Paul Harvey, the venerable radio pioneer broadcaster, died at the age of 90 on February 28th, 2009. It can be safely said that there was no one like Paul Harvey on the air ways before and there will likely be no one like Paul Harvey afterwards.
Paul Harvey started his radio career while still in high school in the 1930s, reading news stories and commercials at radio station KVOO in his native Tulsa, Oklahoma. Paul Harvey eventually became Program Director.
After working at a variety of radio stations in the mid west, Paul Harvey found himself in Hawaii covering the US Navy in 1940. Ironically Paul Harvey was on his way back to the American mainland when the Japanese attacked Pearl Harbor. Paul Harvey served for most of World War II in the US Army Air Force.
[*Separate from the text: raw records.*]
(* Let $n\in\mathbb{N}$. If $\mathbf{s}=(s_0,\ldots,s_n)\subset[0,\infty)$ is strictly positive on $(0,\infty)$, then $T_\infty(\mathbf{s})=\infty$.
   Context: For $a<b$, $\mathbf{s}$ is strictly positive on $[a,b]$ if the functional $\sigma(x^k)=s_k$ on real polynomials of degree $\le n$ satisfies $\sigma(P)\ge0$ for all $P\ge0$ on $[a,b]$ and $\sigma(P)>0$ for all such $P\not\equiv0$; strictly positive on $(0,\infty)$ means strictly positive on some $[a,b]\subset(0,\infty)$. $\mathcal{M}_{a,b}(\mathbf{s})$ is the set of positive Borel measures on $[a,b]$ with $k$-th moments $s_k$; $T_{a,b}(\mathbf{s})=\sup\{\int_{[a,b]}\frac1t\,d\mu:\mu\in\mathcal{M}_{a,b}(\mathbf{s})\}$ (with $\sup\varnothing=-\infty$) and $T_\infty(\mathbf{s})=\sup_{0<a<b}T_{a,b}(\mathbf{s})$. *)

theory Defs
  imports "HOL-Analysis.Analysis" "HOL-Computational_Algebra.Polynomial"
begin

definition moment_functional :: "nat \<Rightarrow> (nat \<Rightarrow> real) \<Rightarrow> real poly \<Rightarrow> real" where
  "moment_functional n s P = (\<Sum>k\<le>n. coeff P k * s k)"

definition strictly_positive_on :: "nat \<Rightarrow> (nat \<Rightarrow> real) \<Rightarrow> real \<Rightarrow> real \<Rightarrow> bool" where
  "strictly_positive_on n s a b \<longleftrightarrow> a < b \<and>
     (\<forall>P. degree P \<le> n \<and> (\<forall>x\<in>{a..b}. poly P x \<ge> 0) \<longrightarrow> moment_functional n s P \<ge> 0) \<and>
     (\<forall>P. degree P \<le> n \<and> (\<forall>x\<in>{a..b}. poly P x \<ge> 0) \<and> P \<noteq> 0 \<longrightarrow> moment_functional n s P > 0)"

definition strictly_positive_pos :: "nat \<Rightarrow> (nat \<Rightarrow> real) \<Rightarrow> bool" where
  "strictly_positive_pos n s \<longleftrightarrow> (\<exists>a b. 0 < a \<and> a < b \<and> strictly_positive_on n s a b)"

definition moment_measures :: "nat \<Rightarrow> (nat \<Rightarrow> real) \<Rightarrow> real \<Rightarrow> real \<Rightarrow> real measure set" where
  "moment_measures n s a b = {\<mu>. sets \<mu> = sets (restrict_space borel {a..b}) \<and>
      (\<forall>k\<le>n. integrable \<mu> (\<lambda>t. t ^ k) \<and> (\<integral>t. t ^ k \<partial>\<mu>) = s k)}"

text \<open>T_{a,b}(s) = sup of integral of 1/t over M_{a,b}(s); Sup {} = -infinity in ereal.\<close>
definition T_ab :: "nat \<Rightarrow> (nat \<Rightarrow> real) \<Rightarrow> real \<Rightarrow> real \<Rightarrow> ereal" where
  "T_ab n s a b = (SUP \<mu>\<in>moment_measures n s a b. ereal (\<integral>t. 1 / t \<partial>\<mu>))"

definition T_inf :: "nat \<Rightarrow> (nat \<Rightarrow> real) \<Rightarrow> ereal" where
  "T_inf n s = (SUP ab\<in>{(a, b). 0 < a \<and> a < b}. T_ab n s (fst ab) (snd ab))"

end

theory Submission
  imports Defs
begin

text \<open>
  Strict positivity of \<open>\<sigma>\<close> on \<open>[a, b] \<subseteq> (0, \<infinity>)\<close> is an open condition: by compactness of the
  normalized nonnegative polynomials there is a margin \<open>\<delta> > 0\<close> with \<open>\<sigma>(P) \<ge> \<delta> \<parallel>P\<parallel>\<^sub>1\<close> for
  all \<open>P \<ge> 0\<close> on \<open>[a, b]\<close>. The margin survives removing an atom of mass \<open>w < \<delta>\<close> at any point
  \<open>0 < c < a\<close>, and a functional with a margin on \<open>[a, b]\<close> is the moment functional of a finitely
  atomic measure on \<open>[a, b]\<close>: fit its moments by nonnegative least squares with atoms on a fine
  grid; the residual polynomial is nonnegative on the grid, hence (being Lipschitz) almost
  nonnegative on \<open>[a, b]\<close>, and the margin then forces the residual to vanish. Putting the atom back
  yields a representing measure on \<open>[c, b]\<close> with \<open>\<integral> 1/t \<ge> w/c\<close>, which is unbounded as \<open>c \<rightarrow> 0\<close>.
\<close>

lemma continuous_map_attains_min:
  assumes "compactin X S" "S \<noteq> {}" "continuous_map X euclideanreal f"
  obtains x where "x \<in> S" "\<And>y. y \<in> S \<Longrightarrow> f x \<le> f y"
proof -
  have "compact (f ` S)" using image_compactin[OF assms(1,3)] by simp
  then obtain m where "m \<in> f ` S" "\<forall>t\<in>f ` S. m \<le> t"
    using compact_attains_inf assms(2) by (metis image_is_empty)
  then show ?thesis using that by blast
qed

lemma abs_power_diff_le:
  fixes x y B :: real
  assumes "\<bar>x\<bar> \<le> B" "\<bar>y\<bar> \<le> B" "1 \<le> B"
  shows "\<bar>x ^ k - y ^ k\<bar> \<le> real k * B ^ k * \<bar>x - y\<bar>"
proof (induction k)
  case (Suc k)
  have "\<bar>x ^ Suc k - y ^ Suc k\<bar> \<le> \<bar>x\<bar> * \<bar>x ^ k - y ^ k\<bar> + \<bar>y\<bar> ^ k * \<bar>x - y\<bar>"
  proof -
    have "x ^ Suc k - y ^ Suc k = x * (x ^ k - y ^ k) + y ^ k * (x - y)"
      by (simp add: algebra_simps)
    then show ?thesis
      using abs_triangle_ineq[of "x * (x ^ k - y ^ k)" "y ^ k * (x - y)"]
      by (simp add: abs_mult power_abs)
  qed
  also have "\<dots> \<le> B * (real k * B ^ k * \<bar>x - y\<bar>) + B ^ Suc k * \<bar>x - y\<bar>"
  proof (intro add_mono mult_mono mult_right_mono)
    have "\<bar>y\<bar> ^ k \<le> B ^ k" using assms by (simp add: power_mono)
    also have "\<dots> \<le> B ^ Suc k" using assms by (intro power_increasing) auto
    finally show "\<bar>y\<bar> ^ k \<le> B ^ Suc k" .
  qed (use Suc assms in auto)
  also have "\<dots> = real (Suc k) * B ^ Suc k * \<bar>x - y\<bar>" by (simp add: algebra_simps)
  finally show ?case .
qed simp

lemma sum_atMost_delta_0:
  fixes f :: "nat \<Rightarrow> 'a::semiring_0"
  shows "(\<Sum>k\<le>n. (if k = 0 then c else 0) * f k) = c * f 0"
  by (induction n) auto

lemma nonneg_if_quadratic_nonneg_near_0:
  fixes B C e0 :: real
  assumes quad: "\<And>e. 0 < e \<Longrightarrow> e \<le> e0 \<Longrightarrow> 0 \<le> e * B + e\<^sup>2 * C" and "0 < e0" "0 \<le> C"
  shows "0 \<le> B"
proof (rule ccontr)
  assume "\<not> 0 \<le> B"
  define e where "e = min e0 (- B / (C + 1))"
  have e: "0 < e" "e \<le> e0" using assms \<open>\<not> 0 \<le> B\<close> by (auto simp: e_def divide_neg_pos)
  have "e * C \<le> - B / (C + 1) * C" using assms by (intro mult_right_mono) (auto simp: e_def)
  also have "\<dots> < - B" using assms \<open>\<not> 0 \<le> B\<close> by (simp add: field_simps)
  finally have "e * (B + e * C) < 0" using e by (simp add: mult_pos_neg)
  with quad[OF e] show False by (simp add: power2_eq_square algebra_simps)
qed

lemma sum_square_add_scaled:
  fixes u v :: "'a \<Rightarrow> real"
  shows "(\<Sum>k\<in>K. (u k + e * v k)\<^sup>2) =
           (\<Sum>k\<in>K. (u k)\<^sup>2) + e * (2 * (\<Sum>k\<in>K. u k * v k)) + e\<^sup>2 * (\<Sum>k\<in>K. (v k)\<^sup>2)"
  by (simp add: power2_eq_square algebra_simps sum.distrib sum_distrib_left)

section \<open>Coefficient vectors of polynomials\<close>

text \<open>
  A polynomial of degree at most \<open>n\<close> is handled through its coefficients \<open>q 0, \<dots>, q n\<close> (values of
  \<open>q\<close> beyond \<open>n\<close> are ignored), so that compactness arguments can use the product topology on \<open>{..n}\<close>.
\<close>

definition coeffs_eval :: "nat \<Rightarrow> (nat \<Rightarrow> real) \<Rightarrow> real \<Rightarrow> real" where
  "coeffs_eval n q x = (\<Sum>k\<le>n. q k * x ^ k)"

definition moment_pairing :: "nat \<Rightarrow> (nat \<Rightarrow> real) \<Rightarrow> (nat \<Rightarrow> real) \<Rightarrow> real" where
  "moment_pairing n z q = (\<Sum>k\<le>n. q k * z k)"

definition coeffs_norm :: "nat \<Rightarrow> (nat \<Rightarrow> real) \<Rightarrow> real" where
  "coeffs_norm n q = (\<Sum>k\<le>n. \<bar>q k\<bar>)"

definition poly_of_coeffs :: "nat \<Rightarrow> (nat \<Rightarrow> real) \<Rightarrow> real poly" where
  "poly_of_coeffs n q = (\<Sum>k\<le>n. monom (q k) k)"

lemma coeffs_norm_nonneg: "0 \<le> coeffs_norm n q"
  by (simp add: coeffs_norm_def sum_nonneg)

lemma abs_coeffs_eval_le_coeffs_norm:
  assumes "\<bar>x\<bar> \<le> 1"
  shows "\<bar>coeffs_eval n q x\<bar> \<le> coeffs_norm n q"
  unfolding coeffs_eval_def coeffs_norm_def
proof (rule order.trans[OF sum_abs], rule sum_mono)
  fix k
  have "\<bar>x ^ k\<bar> \<le> 1" using assms by (simp add: power_abs power_le_one)
  then show "\<bar>q k * x ^ k\<bar> \<le> \<bar>q k\<bar>" by (simp add: abs_mult mult_left_le)
qed

lemma coeffs_eval_lipschitz:
  fixes x y B :: real
  assumes "\<bar>x\<bar> \<le> B" "\<bar>y\<bar> \<le> B" "1 \<le> B"
  shows "\<bar>coeffs_eval n q x - coeffs_eval n q y\<bar> \<le> real n * B ^ n * coeffs_norm n q * \<bar>x - y\<bar>"
proof -
  have "\<bar>coeffs_eval n q x - coeffs_eval n q y\<bar> = \<bar>\<Sum>k\<le>n. q k * (x ^ k - y ^ k)\<bar>"
    by (simp add: coeffs_eval_def sum_subtractf algebra_simps)
  also have "\<dots> \<le> (\<Sum>k\<le>n. \<bar>q k\<bar> * (real n * B ^ n * \<bar>x - y\<bar>))"
  proof (rule order.trans[OF sum_abs], rule sum_mono)
    fix k assume "k \<in> {..n}"
    then have "real k * B ^ k * \<bar>x - y\<bar> \<le> real n * B ^ n * \<bar>x - y\<bar>"
      using assms by (intro mult_right_mono mult_mono power_increasing) auto
    with abs_power_diff_le[OF assms, of k]
    show "\<bar>q k * (x ^ k - y ^ k)\<bar> \<le> \<bar>q k\<bar> * (real n * B ^ n * \<bar>x - y\<bar>)"
      by (simp add: abs_mult mult_left_mono)
  qed
  also have "\<dots> = real n * B ^ n * coeffs_norm n q * \<bar>x - y\<bar>"
    by (simp add: coeffs_norm_def sum_distrib_right sum_distrib_left algebra_simps)
  finally show ?thesis .
qed

lemma coeff_poly_of_coeffs: "coeff (poly_of_coeffs n q) k = (if k \<le> n then q k else 0)"
  by (auto simp: poly_of_coeffs_def coeff_sum)

lemma degree_poly_of_coeffs: "degree (poly_of_coeffs n q) \<le> n"
  unfolding poly_of_coeffs_def
  by (rule degree_sum_le) (auto intro: order.trans[OF degree_monom_le])

lemma poly_poly_of_coeffs: "poly (poly_of_coeffs n q) x = coeffs_eval n q x"
  by (simp add: poly_of_coeffs_def coeffs_eval_def poly_sum poly_monom)

lemma moment_functional_poly_of_coeffs: "moment_functional n s (poly_of_coeffs n q) = moment_pairing n s q"
  by (simp add: moment_functional_def moment_pairing_def coeff_poly_of_coeffs)

lemma poly_of_coeffs_eq_0_iff: "poly_of_coeffs n q = 0 \<longleftrightarrow> coeffs_norm n q = 0"
proof
  assume "poly_of_coeffs n q = 0"
  then have "\<forall>k\<le>n. q k = 0" by (metis coeff_poly_of_coeffs coeff_0)
  then show "coeffs_norm n q = 0" by (simp add: coeffs_norm_def)
next
  assume "coeffs_norm n q = 0"
  then have "\<forall>k\<in>{..n}. \<bar>q k\<bar> = 0"
    unfolding coeffs_norm_def by (subst sum_nonneg_eq_0_iff[symmetric]) auto
  then have "\<forall>k\<le>n. q k = 0" by simp
  then show "poly_of_coeffs n q = 0" by (simp add: poly_of_coeffs_def)
qed

lemma
  shows continuous_map_coeffs_eval:
      "continuous_map (product_topology (\<lambda>_. euclideanreal) {..n}) euclideanreal (\<lambda>q. coeffs_eval n q x)"
    and continuous_map_moment_pairing:
      "continuous_map (product_topology (\<lambda>_. euclideanreal) {..n}) euclideanreal (\<lambda>q. moment_pairing n z q)"
    and continuous_map_coeffs_norm:
      "continuous_map (product_topology (\<lambda>_. euclideanreal) {..n}) euclideanreal (\<lambda>q. coeffs_norm n q)"
  unfolding coeffs_eval_def moment_pairing_def coeffs_norm_def
  by (intro continuous_intros continuous_map_product_projection; simp)+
The genesis of Paul Harvey’s iconic radio show, Paul Harvey News and Comment, started in 1951 on the ABC radio network and continued ever since. A separate program, The Rest of the Story, which provided obscure anecdotes about famous people premiered in 1976. The Rest of the Story would always provide a little unexpected twist at the end that people hitherto were not familiar with,
Paul Harvey’s delivery style was unique, with pregnant pauses (in violation of the usual broadcasting taboo against dead air), catch phrases such as “I’m Paul Harvey and stand by for news”, and his habit, often criticized, of seamlessly segueing from news to commercials without hint of where one ended and the other began. Paul Harvey’s politics were definitely right of center, which is something else that he was criticized for. In his own defense, Paul Harvey would maintain that he would never advertise a product that he did not believe in.
Paul Harvey is credited with creating a number of catch phrases, including “Reganomics”, “guestimate”, and “skyjacker.” Paul thus demonstrated the power of mass media to shape the English language.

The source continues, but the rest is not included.